Berbicara mengenai perempuan dalam Islam, ada beberapa sosok teladan yang patut dijadikan panutan oleh perempuan-perempuan akhir zaman, diantaranya Khadijah ibn Khuwailid, Aisyah binti Abu Bakar, dan Fatimah binti Muhammad. Sejarah menceritakan bahwa mereka memiliki kontribusi besar dalam mewujudkan kejayaan Islam. Khadijah merupakan perempuan mandiri dalam sektor ekonomi yang mendermakan hartanya untuk dakwah Rasulullah. Aisyah terkenal sebagai perempuan yang cerdas. Rasulullah memberikan kepercayaan padanya untuk memberikan jawaban atas sebagian persoalan umat dengan menjadi perawi Hadits. Sedangkan Fatimah memiliki sumbangsih dalam menuliskan perkataan, nasehat, dan peristiwa-peristiwa yang dialami Rasulullah.

Menyikapi penjelasan di atas, sudah selayaknya perempuan-perempuan akhir zaman meniru spirit Khadijah, Aisyah, dan Fatimah. Akan tetapi, realita di lapangan menunjukkan lambatnya kesadaran perempuan akan beberapa peran yang harusnya dilakoninya. Hal ini berakibat pada minimnya bekal yang dipersiapkan dalam mewujudkan peradaban Islam yang unggul

Dalam relasinya, perempuan memiliki tiga peran sentral, yaitu khalifah fil ardh, istri, dan ibu.
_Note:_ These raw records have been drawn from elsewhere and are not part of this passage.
theorem lemma2:
  fixes X :: "real^'k::finite^'n::finite" and g :: "'k \<Rightarrow> nat" and r :: "'k \<Rightarrow> nat"
    and \<nu> :: real and I :: "'k set" and x :: "real^'n"
  assumes groups: "group_ranking g r"
    and unit: "\<And>l. gram X l l = 1"
    and nu: "0 < \<nu>" "\<nu> < 1"
    and tauI: "tau X g r I \<le> \<nu>"
  shows "inverse (1 + \<nu>) * (\<Sum>l\<in>I. (\<Sum>i\<in>UNIV. x $ i * X $ i $ l)\<^sup>2)
           \<le> (norm (orth_proj ((\<lambda>l. column l X) ` I) x))\<^sup>2 \<and>
         (norm (orth_proj ((\<lambda>l. column l X) ` I) x))\<^sup>2
           \<le> inverse (1 - \<nu>) * (\<Sum>l\<in>I. (\<Sum>i\<in>UNIV. x $ i * X $ i $ l)\<^sup>2)"
proof -
  define w where "w l = column l X" for l
  have "norm (w l) = 1" for l
    using unit[of l] by (simp add: w_def gram_eq_inner_column norm_eq_sqrt_inner)
  moreover have "(\<Sum>l'\<in>I - {l}. \<bar>w l \<bullet> w l'\<bar>) \<le> \<nu>" for l
    using sum_abs_gram_le_tau[OF groups, where X=X and I=I and l=l] tauI
    by (simp add: w_def gram_eq_inner_column)
  ultimately have riesz:
    "\<bar>(norm (\<Sum>l\<in>I. b l *\<^sub>R w l))\<^sup>2 - (\<Sum>l\<in>I. (b l)\<^sup>2)\<bar> \<le> \<nu> * (\<Sum>l\<in>I. (b l)\<^sup>2)"
    for b by (intro abs_norm_sum_scaleR_sq_diff_le) simp_all
  have "(\<Sum>l\<in>I. (x \<bullet> w l)\<^sup>2) \<le> (1 + \<nu>) * (norm (orth_proj (w ` I) x))\<^sup>2"
    using riesz nu by (intro sum_inner_sq_le_norm_orth_proj) (simp_all add: abs_le_iff algebra_simps)
  moreover have "(1 - \<nu>) * (norm (orth_proj (w ` I) x))\<^sup>2 \<le> (\<Sum>l\<in>I. (x \<bullet> w l)\<^sup>2)"
    using riesz nu by (intro norm_orth_proj_le_sum_inner_sq) (simp_all add: abs_le_iff algebra_simps)
  moreover have "x \<bullet> w l = (\<Sum>i\<in>UNIV. x $ i * X $ i $ l)" for l
    by (simp add: w_def column_def inner_vec_def)
  ultimately show ?thesis
    using nu by (simp add: w_def[abs_def] field_simps)
qed

end
(* Let $q$ be a prime power, and let $\chi'$ and $\chi$ be the canonical additive characters of $\mathbb{F}_{q^2}$ and $\mathbb{F}_q$, respectively. For integers $e_1,e_2$ and $a,b\in\mathbb{F}_{q^2}$, define $$S_{(e_1,e_2)}(a,b):=\sum_{x\in\mathbb{F}_{q^2}^*}\chi'\!\left(a x^{(q+1)e_1}+b x^{e_2}\right).$$ If $a^q+a\neq 0$, $b\neq 0$ and $\gcd(q+1,e_2)=1$, then $$S_{(e_1,e_2)}(a,b)=-\sum_{z\in\mathbb{F}_q^*}\sum_{x\in\mathbb{F}_q^*}\chi\!\left(z+(a^q+a)x^{e_1}+z^{-1}b^{q+1}x^{e_2}\right).$$
   Context: For a finite field $F$ of characteristic $p$, the canonical additive character is $\chi(c)=e^{2\pi i\,\mathrm{Tr}_{F/\mathbb{F}_p}(c)/p}$. *)

theory Defs
  imports Complex_Main "HOL-Computational_Algebra.Primes"
begin

text \<open>For a subfield of order p^n
  of a larger field, this is the trace of that subfield evaluated inside the big field.\<close>
definition abs_trace :: "nat \<Rightarrow> 'a::field \<Rightarrow> 'a" where
  "abs_trace n c = (\<Sum>i<n. c ^ (CHAR('a) ^ i))"

definition prime_field_val :: "'a::field \<Rightarrow> nat" where
  "prime_field_val y = (THE k. k < CHAR('a) \<and> of_nat k = y)"

definition can_add_char :: "nat \<Rightarrow> 'a::field \<Rightarrow> complex" where
  "can_add_char n c =
     exp (2 * of_real pi * \<i> * of_nat (prime_field_val (abs_trace n c)) / of_nat CHAR('a))"

end
text \<open>Let \<open>f \<in> L\<^sup>\<infinity>(\<real>\<^sub>+)\<close> with \<open>S\<^sub>\<phi>\<^sub>'(f) = L\<close>, and let \<open>g\<close> be \<open>f\<close> extended by zero to \<open>\<real>\<close>,
  so that the \<open>\<psi>\<close>-means of \<open>f\<close> are the convolutions \<open>(ext0 \<psi> * g)(x)\<close>. The set of all
  \<open>k \<in> L\<^sup>1(\<real>)\<close> with \<open>(k * g)(x) \<rightarrow> L \<integral>k\<close> as \<open>x \<rightarrow> \<infinity>\<close> is a closed ideal: it is linear, closed in
  \<open>L\<^sup>1\<close> because \<open>k \<mapsto> k * g\<close> is bounded from \<open>L\<^sup>1\<close> into the bounded functions, and stable under
  convolution by \<open>h\<close> since \<open>(k * h) * g = (k * g) * h\<close> and convolving a bounded function with a
  limit at \<open>\<infinity>\<close> against \<open>h\<close> multiplies the limit by \<open>\<integral>h\<close> (dominated convergence). It contains
  \<open>ext0 \<phi>'\<close>, hence \<open>I\<^sub>\<phi>\<^sub>'\<close>, hence \<open>ext0 \<phi>\<close>, which says \<open>S\<^sub>\<phi>(f) = L\<close>.\<close>

lemma lborel_integrable_reflect:
  fixes k :: "real \<Rightarrow> 'a::{banach, second_countable_topology}"
  assumes "integrable lborel k"
  shows "integrable lborel (\<lambda>t. k (x - t))"
  using lborel_integrable_real_affine[OF assms, of "-1" x] by simp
Pertama, sebagai khalifah fil ardh (wakil Allah), peran ini bersifat umum, dalam artian diperankan oleh manusia, baik laki-laki ataupun perempuan. Sebagai wakil Allah di muka bumi, manusia berkewajiban untuk memakmurkan dan menjaga bumi Allah sehingga dapat melestarikan peradaban dunia. Hal ini senada dengan hadits yang menyatakan bahwa setiap manusia adalah pemimpin yang akan dimintai pertanggungjawaban. Laki-laki adalah pemimpin atas keluarganya dan perempuan adalah pemimpin atas rumah suami dan anak-anaknya.
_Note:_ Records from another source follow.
(* Let $a=\log_2 3$. For integers $K\ge 1$ and $1\le\ell\le K$ define $g_K(\ell)=\max(0,\,a-K/\ell)$, let $S^+(K)=\{1\le\ell\le K: g_K(\ell)>0\}$, and define $\Theta_K=\max_{\ell\in S^+(K)}g_K(\ell)\,/\,\min_{\ell\in S^+(K)}g_K(\ell)$. Then: (1) $\max_{S^+(K)}g_K=a-1$, attained at $\ell=K$, and $\min_{S^+(K)}g_K=a-K/\ell_*(K)$ with $\ell_*(K)=\lfloor K/a\rfloor+1$. (2) Writing $K/a=\lfloor K/a\rfloor+r_K$ with $r_K\in(0,1)$, $$\Theta_K=\frac{a-1}{a}\cdot\frac{\lfloor K/a\rfloor+1}{1-r_K}.$$ (3) The sequence $(\Theta_K)$ is unbounded; along the numerators of the even-indexed convergents of the continued fraction of $\log_2 3$, $K\in\{3,19,84,1054,50508,176251,\ldots\}$, one has $r_K\to 1^-$ and $\Theta_K\to\infty$. *)

theory Defs
  imports "HOL-Analysis.Analysis"
begin

definition a_log :: real where "a_log = log 2 3"

definition gK :: "nat \<Rightarrow> nat \<Rightarrow> real" where
  "gK K l = max 0 (a_log - real K / real l)"

definition Splus :: "nat \<Rightarrow> nat set" where
  "Splus K = {l \<in> {1..K}. gK K l > 0}"

definition Theta :: "nat \<Rightarrow> real" where
  "Theta K = Max (gK K ` Splus K) / Min (gK K ` Splus K)"

definition lstar :: "nat \<Rightarrow> nat" where
  "lstar K = nat \<lfloor>real K / a_log\<rfloor> + 1"

definition rK :: "nat \<Rightarrow> real" where
  "rK K = real K / a_log - of_int \<lfloor>real K / a_log\<rfloor>"

fun cf_rem :: "real \<Rightarrow> nat \<Rightarrow> real" where
  "cf_rem x 0 = x"
| "cf_rem x (Suc n) = 1 / (cf_rem x n - of_int \<lfloor>cf_rem x n\<rfloor>)"

definition cf_coeff :: "real \<Rightarrow> nat \<Rightarrow> int" where
  "cf_coeff x n = \<lfloor>cf_rem x n\<rfloor>"

fun conv_num :: "real \<Rightarrow> nat \<Rightarrow> int" where
  "conv_num x 0 = cf_coeff x 0"
| "conv_num x (Suc 0) = cf_coeff x 1 * cf_coeff x 0 + 1"
| "conv_num x (Suc (Suc n)) = cf_coeff x (Suc (Suc n)) * conv_num x (Suc n) + conv_num x n"

definition Kseq :: "nat \<Rightarrow> nat" where
  "Kseq n = nat (conv_num a_log (2 * (n + 1)))"

end

theory Submission
  imports Defs
begin

text \<open>Let a = log_2 3, which is irrational, so K/a is never an integer. On 1 <= l <= K the
  function g_K(l) = a - K/l is increasing and positive exactly for l > K/a, hence
  S^+(K) = {l_*(K)..K}; the maximum a - 1 is attained at K, the minimum at l_*(K), and
  l_*(K) = K/a + (1 - r_K) gives the closed form of Theta_K.

  If K = p is the numerator of an even-indexed convergent p/q < a, then K/a = q - e/a with
  e = q a - p in (0, 1), so floor(K/a) = q - 1, r_K = 1 - e/a and Theta_K = (a - 1) q / e.
  Along the convergents e tends to 0, so r_K tends to 1 from below and Theta_K to infinity.

  The listed values of K come from the partial quotients 1, 1, 1, 2, 2, 3, 1, 5, 2, 23, 2, 2, 1
  of a. These are forced by 176251/111202 < a < 301994/190537, i.e. by
  2^176251 < 3^111202 and 3^190537 < 2^301994, which are checked by fixed-point interval
  arithmetic along the recursion of the convergents.\<close>

section \<open>Continued fractions of an irrational number\<close>

text \<open>Numerators and denominators of the convergents, indexed so that cf_num x (n + 2) is
  conv_num x n; the first two values are p_(-2) = 0, p_(-1) = 1 and q_(-2) = 1, q_(-1) = 0.\<close>

fun cf_num :: "real \<Rightarrow> nat \<Rightarrow> int" where
  "cf_num x 0 = 0"
| "cf_num x (Suc 0) = 1"
| "cf_num x (Suc (Suc n)) = cf_coeff x n * cf_num x (Suc n) + cf_num x n"

fun cf_den :: "real \<Rightarrow> nat \<Rightarrow> int" where
  "cf_den x 0 = 1"
| "cf_den x (Suc 0) = 0"
| "cf_den x (Suc (Suc n)) = cf_coeff x n * cf_den x (Suc n) + cf_den x n"

definition cf_err :: "real \<Rightarrow> nat \<Rightarrow> real" where
  "cf_err x n = of_int (cf_den x n) * x - of_int (cf_num x n)"

lemma conv_num_eq_cf_num: "conv_num x n = cf_num x (Suc (Suc n))"
  by (induction x n rule: conv_num.induct) (simp_all add: numeral_2_eq_2)

lemma cf_num_numeral:
  "cf_num x (numeral k) =
     cf_coeff x (numeral k - 2) * cf_num x (numeral k - 1) + cf_num x (numeral k - 2)"
  if "(2::nat) \<le> numeral k"
proof -
  have "numeral k = Suc (Suc (numeral k - 2))"
    using that by linarith
  then show ?thesis
    by (metis cf_num.simps(3) diff_Suc_1)
qed

lemma cf_err_rec: "cf_err x (Suc (Suc n)) = of_int (cf_coeff x n) * cf_err x (Suc n) + cf_err x n"
  by (simp add: cf_err_def algebra_simps)

lemma cf_rem_Suc_eq: "cf_rem x (Suc n) = 1 / (cf_rem x n - of_int (cf_coeff x n))"
  by (simp add: cf_coeff_def)

declare cf_rem.simps(2) [simp del]

lemma cf_frac_less_1: "cf_rem x n - of_int (cf_coeff x n) < 1"
  unfolding cf_coeff_def by linarith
Kedua, dalam perannya sebagai istri, salah satunya dijelaskan dalam Surat Al-Baqarah [2]: 187 yang menyatakan bahwa istri adalah pakaian bagi suami, pun sebaliknya. Maka dalam hal ini, suami dan istri harus saling memperkuat relasi untuk mewujudkan keluarga maslahah. Sehingga, dari keluarga tersebut akan melahirkan masyarakat dengan kesalehan sosial yang tinggi.
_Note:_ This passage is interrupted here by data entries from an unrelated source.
theorem proposition2p3:
  fixes K :: "'a::euclidean_space set" and \<epsilon> :: real
  assumes "convex K" and "compact K" and "0 \<in> interior K"
    and "0 < \<epsilon>" and "\<epsilon> < 1"
  shows "sphere_measure {\<theta> \<in> sphere 0 1. radial_fn K \<theta> \<le> 1 / sqrt (1 - \<epsilon>\<^sup>2)}
           \<ge> 1 - 2 * exp (ln (real (covering_number K (cball 0 1)))
                           - real DIM('a) * \<epsilon>\<^sup>2 / 2)"
proof -
  let ?N = "covering_number K (cball (0::'a) 1)"
    and ?decay = "exp (- (real DIM('a) * \<epsilon>\<^sup>2 / 2))"
  have "0 < ?N"
    using covering_number_pos[OF assms(2)] assms(3) interior_subset by fastforce
  have "exp (ln ?N - real DIM('a) * \<epsilon>\<^sup>2 / 2) = exp (ln ?N) * ?decay"
    by (simp add: exp_add[symmetric])
  also have "exp (ln ?N) = ?N" using \<open>0 < ?N\<close> by simp
  finally have rhs: "exp (ln ?N - real DIM('a) * \<epsilon>\<^sup>2 / 2) = ?N * ?decay" .
  have "cap_ball_radius \<epsilon> ^ DIM('a) \<le> exp (- (\<epsilon>\<^sup>2 / 2)) ^ DIM('a)"
    using assms(4,5) by (intro power_mono cap_ball_radius_le_exp cap_ball_radius_nonneg) auto
  then have lhs: "?N * cap_ball_radius \<epsilon> ^ DIM('a) \<le> ?N * ?decay"
    by (simp add: mult_left_mono exp_of_nat_mult[symmetric])
  have "0 \<le> ?N * ?decay" by simp
  then show ?thesis
    unfolding rhs using sphere_measure_radial_le_ge[OF assms] lhs by linarith
qed

end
Ketiga, berkaitan dengan perannya sebagai ibu, perempuan berkewajiban untuk mendidik anak-anaknya dengan baik. Sebab, dikatakan dalam syair Arab bahwa ibu adalah madrasah pertama bagi anak-anaknya. Dengan kata lain, ibu adalah sumber peradaban bagi anak-anaknya. Hal ini diperkuat dengan sebuah Hadits yang menyatakan bahwa perempuan adalah tiang agama. Jika perempuan dalam keadaan baik (terdidik dan berakhlak), maka baiklah suatu Negara. Tapi jika tidak, maka yang terjadi adalah sebaliknya.

Berkaca pada hal tersebut, tidak dapat dipungkiri bahwa perempuan harus meningkatkan kesadaran akan peran-perannya yang harus dimaksimalkan dalam melestarikan peradaban Islam. Mengutip pepatah Barat “Beauty maybe dangerous, but intelligence is lethal”. Kecantikan mungkin berbahaya, tapi kecerdasan itu mematikan. Pepatah itu seolah menegaskan bahwa menjadi perempuan berarti harus cerdas, berdaya, berani, dan mandiri dengan tetap mengedepankan aspek kesopanan, ketawadhu’an, serta berakhlak terpuji. (*)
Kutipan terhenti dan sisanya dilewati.